Quantcast
Viewing latest article 3
Browse Latest Browse All 24

Convert Many Word Documents to ASCII At Once

In a recent tip, we showed you how to convert a Microsoft Word document to plain ASCII text using a CygWin command called CATDOC. At the end of that article, we promised to show you how to do multiple conversions in one fell swoop. Well, hang on tight, because this will go lickety-split.

This job requires the help of a small shell script, as follows:

#!/bin/bash

# Finds all Word Document files (i.e. named
# *.doc) that are at or below the current
# folder and converts them to plain ASCII
# text, by adding '.txt' to the file name.
# For example, Research.doc becomes
# Research.doc.txt (if Research.doc.txt
# already exists, it will be overridden).
# The original Word document is left alone.
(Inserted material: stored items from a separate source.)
(* Fix $n\in\mathbb N$. For integers $k$ with $1\le |k|\le n$ let $$p_{nk}=\frac{(-1)^{k+1}(n!)^2}{k\,(n+k)!\,(n-k)!},$$ and let $p_{n0}=0$. (Equivalently, $p_{nk}=\pi_{nk}'(0)$ for $|k|\le n$, where $\pi_{nk}$ is the Lagrange basis polynomial of degree $2n$ for the nodes $-n,\dots,n$, i.e. the unique polynomial of degree $2n$ with $\pi_{nk}(j)=\delta_{kj}$ for all integers $|j|\le n$.) Then: (i) the sequence $\bigl((-1)^{k+1}p_{nk}\bigr)_{1\le k\le n}$ is positive and monotone decreasing, and $p_{n,-k}=-p_{nk}$ for $1\le k\le n$; (ii) for integers $0\le j\le 2n$ (with the convention $0^0=1$), $$\sum_{k=-n}^n p_{nk}k^j=\begin{cases}1,& j=1,\\ 0,& j=0\text{ or }2\le j\le 2n;\end{cases}$$ (iii) $\displaystyle\sum_{k=1}^n|p_{nk}|=\frac{H_n}{2}$ and $\displaystyle\sum_{k=1}^n p_{nk}=H_{2n}-H_n$, where $H_n=\sum_{k=1}^n k^{-1}$ is the $n$-th harmonic number. *)

theory Defs
  imports "HOL-Analysis.Analysis"
begin

text \<open>The coefficients p_{nk} for integers k with |k| \<le> n (p_{n0} = 0).
  For |k| > n the value is irrelevant; we set it to 0.\<close>
definition p :: "nat \<Rightarrow> int \<Rightarrow> real" where
  "p n k = (if k = 0 \<or> \<bar>k\<bar> > int n then 0
            else (-1) ^ nat \<bar>k + 1\<bar> * (fact n)^2 /
                 (real_of_int k * fact (nat (int n + k)) * fact (nat (int n - k))))"

end

theory Submission
  imports Defs
begin

(* With binom_ratio n k = (n!)^2 / ((n+k)! (n-k)!) = C(2n, n+k) / C(2n, n) one has
   p n k = (-1)^(k+1) binom_ratio n k / k for 1 <= k <= n, and (i) follows from
   binom_ratio n (k+1) (n+k+1) = (n-k) binom_ratio n k.
   Substituting k = i - n, the j-th moment (j >= 1) becomes a multiple of
   sum_i (-1)^i C(2n,i) (i-n)^(j-1), the 2n-th finite difference of a polynomial of degree < 2n,
   which vanishes; the term i = n, absent from the moment sum, accounts for the value 1 at j = 1.
   For (iii), binom_ratio (n+1) k ((n+1)^2 - k^2) = (n+1)^2 binom_ratio n k gives an induction on n
   whose increments come from the closed forms sum_k k binom_ratio N k = N/2 and
   sum_k (-1)^(k+1) k binom_ratio N k = N / (2(2N-1)). *)

lemma sum_alternating_binomial_Suc:
  fixes f :: "nat \<Rightarrow> 'a :: comm_ring_1"
  shows "(\<Sum>i\<le>Suc N. (-1)^i * of_nat (Suc N choose i) * f i)
       = (\<Sum>i\<le>N. (-1)^i * of_nat (N choose i) * (f i - f (Suc i)))"
proof -
  have shift: "(\<Sum>i\<le>Suc N. (-1)^i * of_nat (Suc N choose i) * f i)
      = f 0 + (\<Sum>i\<le>N. (-1)^(Suc i) * of_nat (N choose i) * f (Suc i))
      + (\<Sum>i\<le>N. (-1)^(Suc i) * of_nat (N choose Suc i) * f (Suc i))"
    by (subst sum.atMost_Suc_shift) (simp add: sum.distrib[symmetric] algebra_simps)
  have "f 0 + (\<Sum>i\<le>N. (-1)^(Suc i) * of_nat (N choose Suc i) * f (Suc i))
      = (\<Sum>i\<le>Suc N. (-1)^i * of_nat (N choose i) * f i)"
    by (subst sum.atMost_Suc_shift) simp
  also have "\<dots> = (\<Sum>i\<le>N. (-1)^i * of_nat (N choose i) * f i)"
    by (simp add: binomial_eq_0)
  finally show ?thesis
    unfolding shift by (simp add: right_diff_distrib sum_subtractf sum_negf mult_ac)
qed

lemma sum_alternating_binomial_power:
  fixes x :: "'a :: comm_ring_1"
  assumes "m < N"
  shows "(\<Sum>i\<le>N. (-1)^i * of_nat (N choose i) * (x + of_nat i)^m) = 0"
  using assms
proof (induction N arbitrary: m x)
  case 0 then show ?case by simp
next
  case (Suc N)
  have diff: "(x + of_nat i)^m - (x + of_nat (Suc i))^m
      = - (\<Sum>l<m. of_nat (m choose l) * (x + of_nat i)^l)" for i
  proof -
    have "(x + of_nat (Suc i))^m = (\<Sum>l\<le>m. of_nat (m choose l) * (x + of_nat i)^l)"
      using binomial_ring[of "x + of_nat i" 1 m] by (simp add: algebra_simps)
    also have "\<dots> = (\<Sum>l<m. of_nat (m choose l) * (x + of_nat i)^l) + (x + of_nat i)^m"
      by (simp add: lessThan_Suc_atMost[symmetric])
    finally show ?thesis by simp
  qed
  have "(\<Sum>i\<le>Suc N. (-1)^i * of_nat (Suc N choose i) * (x + of_nat i)^m)
      = - (\<Sum>i\<le>N. \<Sum>l<m. of_nat (m choose l) * ((-1)^i * of_nat (N choose i) * (x + of_nat i)^l))"
    by (simp only: sum_alternating_binomial_Suc diff sum_distrib_left sum_negf[symmetric])
       (simp add: algebra_simps)
  also have "\<dots> = - (\<Sum>l<m. of_nat (m choose l) * (\<Sum>i\<le>N. (-1)^i * of_nat (N choose i) * (x + of_nat i)^l))"
    by (subst sum.swap) (simp add: sum_distrib_left)
  also have "\<dots> = 0"
    using Suc by simp
  finally show ?case .
qed

definition binom_ratio :: "nat \<Rightarrow> nat \<Rightarrow> real" where
  "binom_ratio n k = fact n ^ 2 / (fact (n + k) * fact (n - k))"

lemma binom_ratio_0 [simp]: "binom_ratio n 0 = 1"
  by (simp add: binom_ratio_def power2_eq_square)

lemma binom_ratio_pos: "binom_ratio n k > 0"
  by (simp add: binom_ratio_def)

lemma binom_ratio_Suc:
  assumes "k < n"
  shows "binom_ratio n (Suc k) * (real n + real k + 1) = (real n - real k) * binom_ratio n k"
proof -
  have upper: "(fact (n + Suc k) :: real) = (real n + real k + 1) * fact (n + k)"
    by (simp add: algebra_simps)
  have lower: "(fact (n - k) :: real) = (real n - real k) * fact (n - Suc k)"
    using assms by (simp add: Suc_diff_Suc[symmetric] of_nat_diff)
  have "real n - real k > 0" "real n + real k + 1 > 0"
    using assms by auto
  then show ?thesis
    unfolding binom_ratio_def upper lower by simp
qed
for f in $( find . -name '*.doc' ); do
catdoc -w $f > $f.txt
done


Open your favorite text editor, start a new file, and paste the above text into it. Save the file in your CygWin home directory, using the name “catdoc_all”, or whatever you like. (On my system, I installed CygWin in C:\sys\cygwin, therefore my home directory is C:\sys\cygwin\home\craig.) At this point, you should be all set.

Running the Script: To run the conversion, first navigate to the parent folder that contains all of the word documents to be converted using the CD commands. Then, run your new script by typing “. ~/catdoc_all” (without the quotes) — That’s a period, followed by a space, followed by a tilde, followed by a slash, followed by the name of your script. Hit Enter, and your’re done. Ta da! It’s that easy.

If you care to know why this works, then keep reading.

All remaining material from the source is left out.